DeMasters was called to a meeting with several of Carilion’s managers, including the vice president of HR, the EAP department director, and corporate counsel….The Carilion managers then proceeded to ask DeMasters about Doe’s sexual harassment complaint and specifically whether DeMasters told Doe that what happened to him was sexual harassment. When DeMasters acknowledged sharing his view that Doe was a victim of sexual harassment, the managers asked DeMasters why he had not taken “the pro-employer side” and if he understood the magnitude of the liability the company could face if one of its supervisors had engaged in harassment. The managers also told DeMasters that he had not protected Carilion’s interests and that he had left Carilion “in a compromised position.” The EAP department director likewise accused DeMasters of “fail[ing] to protect Carilion” and “plac[ing] the entire operation at risk.”

According to Mr. DeMasters, Carilion fired him two days later for not acting in the best interests of the company.

The “manager” rule.

There’s a line of cases from courts around the country, out of which comes the rule that, in the context of retaliation claims, an employee must “step outside his or her role of representing the company” in order to engage in protected activity. In other words, when an employee’s job is to communicate employee complaints to management; e.g., HR, that employee cannot later claim retaliation based on that communication. Generally applied in Fair Labor Standards Act cases, this is the “manager” rule.
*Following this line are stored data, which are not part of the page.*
(* Let $A$ be a bounded distributive lattice, $X$ its Priestley space, and $\kappa$ a regular cardinal. Then $A$ is a $\kappa$-frame if and only if ${\sf cl}(U)$ is a clopen upset for each $\kappa$-clopen upset $U$ of $X$.
   Context: $A$ is a $\kappa$-frame if every subset of cardinality $<\kappa$ has a join and each such join $\bigvee S$ is distributive ($a\wedge\bigvee S=\bigvee\{a\wedge s:s\in S\}$ for all $a$). The Priestley space $X$ of $A$ is the set of prime filters ordered by inclusion, with topology generated by $\{\mathfrak s(a)\setminus\mathfrak s(b)\}$, $\mathfrak s(a)=\{x:a\in x\}$. ${\sf cl}$ is topological closure. A $\kappa$-clopen upset is a union of fewer than $\kappa$ clopen upsets. *)

theory Defs
  imports "HOL-Analysis.Analysis"
begin

definition is_join :: "'a::lattice set \<Rightarrow> 'a \<Rightarrow> bool" where
  "is_join S j \<longleftrightarrow> (\<forall>s\<in>S. s \<le> j) \<and> (\<forall>u. (\<forall>s\<in>S. s \<le> u) \<longrightarrow> j \<le> u)"

definition kappa_frame :: "'b rel \<Rightarrow> 'a::{bounded_lattice,distrib_lattice} itself \<Rightarrow> bool" where
  "kappa_frame \<kappa> _ \<longleftrightarrow>
     (\<forall>S::'a set. (card_of S, \<kappa>) \<in> ordLess \<longrightarrow>
        (\<exists>j. is_join S j) \<and>
        (\<forall>a j. is_join S j \<longrightarrow> is_join ((\<lambda>s. inf a s) ` S) (inf a j)))"
lemma coord_step:
  assumes "straddles c p" "p x = Some y"
  shows "coord c p y = coord c p x + 1"
proof -
  have p: "fin_piso p" "c \<notin> DR p" using assms(1) unfolding straddles_def by auto
  have "x \<in> DR p" "y \<in> DR p" using assms(2) unfolding DR_def ran_def by auto
  then consider "x < c" | "c < x" using p(2) by (cases x c rule: linorder_cases) auto
  then show ?thesis
  proof cases
    case 1
    then show ?thesis using coord_step_below[OF assms(1) \<open>x \<in> DR p\<close> 1] assms(2) by simp
  next
    case 2
    have "pinv p y = x" using pinv_eqI[OF p(1) assms(2)] .
    moreover have "x < y"
      using assms straddles_def shifts_up_pinv_less[OF p(1)] calculation by (metis ranI)
    ultimately show ?thesis using coord_step_above[OF assms(1) \<open>y \<in> DR p\<close>] 2 by simp
  qed
qed

lemma coord_pos:
  "straddles c p \<Longrightarrow> y \<in> DR p \<Longrightarrow> c < y \<Longrightarrow> 0 < coord c p y"
proof (induction c p y rule: coord.induct)
  case (1 c p y)
  note above = straddles_above[OF "1.prems"]
  show ?case
  proof (cases "pinv p y < c")
    case True
    then show ?thesis using coord_cross[OF "1.prems" True] squash_bounds[OF "1.prems"(3)] by simp
  next
    case False
    then have "c < pinv p y" using above(4) by simp
    then have "0 < coord c p (pinv p y)"
      using "1.IH"(1) coord_guard_above[OF "1.prems" \<open>c < pinv p y\<close>] "1.prems" above by blast
    then show ?thesis using coord_step_above[OF "1.prems" \<open>c < pinv p y\<close>] by simp
  qed
qed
The Title VII “manager” rule

Under Title VII’s Opposition Clause, an employer may not retaliate against an employee who has “opposed any practice made an unlawful employment practice” by Title VII. Given the broad scope of the Opposition Clause, the court struggled with analyzing an employee’s discrete acts to determine whether he had sufficient opposed an unlawful practice. Instead, the court determined that an employee’s conduct must be examined through “a panoramic lens, viewing the individual scenes in their broader context and judging the picture as a whole.”

Thus, to determine opposition to an unlawful employment practice, the court concluded that one must examine the employee’s entire course of conduct as a whole; specifically, two elements:

  1. Did the employee inform the company that the employee believes that the employer was engaged in discrimination?- and –
  2. Did the employee raise concerns about behavior that is “actually unlawful under Title VII” or that the employee “reasonably believes to be unlawful?”

Answer yes to both questions and that’s protected activity under Title VII. In DeMasters, the court determined that “the complaint describes a course of conduct by DeMasters that clearly and effectively conveyed to Carilion over several weeks his belief that Carilion was violating Title VII by subjecting Doe to unlawful conduct.” Indeed, DeMasters was Doe’s “leading advocate and adviser from the day Doe first told DeMasters about his manager’s harassing behavior, and DeMasters persisted in his advocacy on Doe’s behalf as Carilion investigated the complaint.”

And while DeMasters was tasked with communicating employee complaints from harassment to management, the court found that to be immaterial. The court recognized that “nothing in the language of Title VII indicates that the statutory protection accorded an employee’s oppositional conduct turns on the employee’s job description or that Congress intended to excise a large category of workers from its anti-retaliation protections.” Once again, the scope of Title VII’s anti-retaliation provision and protections are hella-broad.

Broader coverage beyond the Fourth Circuit.

Boy, did those Fourth Circuit Judges cite a lot of Third Circuit precedent to support their decision. Well, for my readers in PA, NJ, DE, and USVI, it’s worth noting that, although this a Fourth Circuit case, three judges from the Third Circuit sat by designation. (All of the Fourth Circuit judges recused themselves). So, if this fact pattern comes up around here, I’ve got a pretty good idea of that’s gonna turn out.

And for the rest of you across the country, tread carefully before disciplining anyone who complains about discrimination (or who supports that complaint).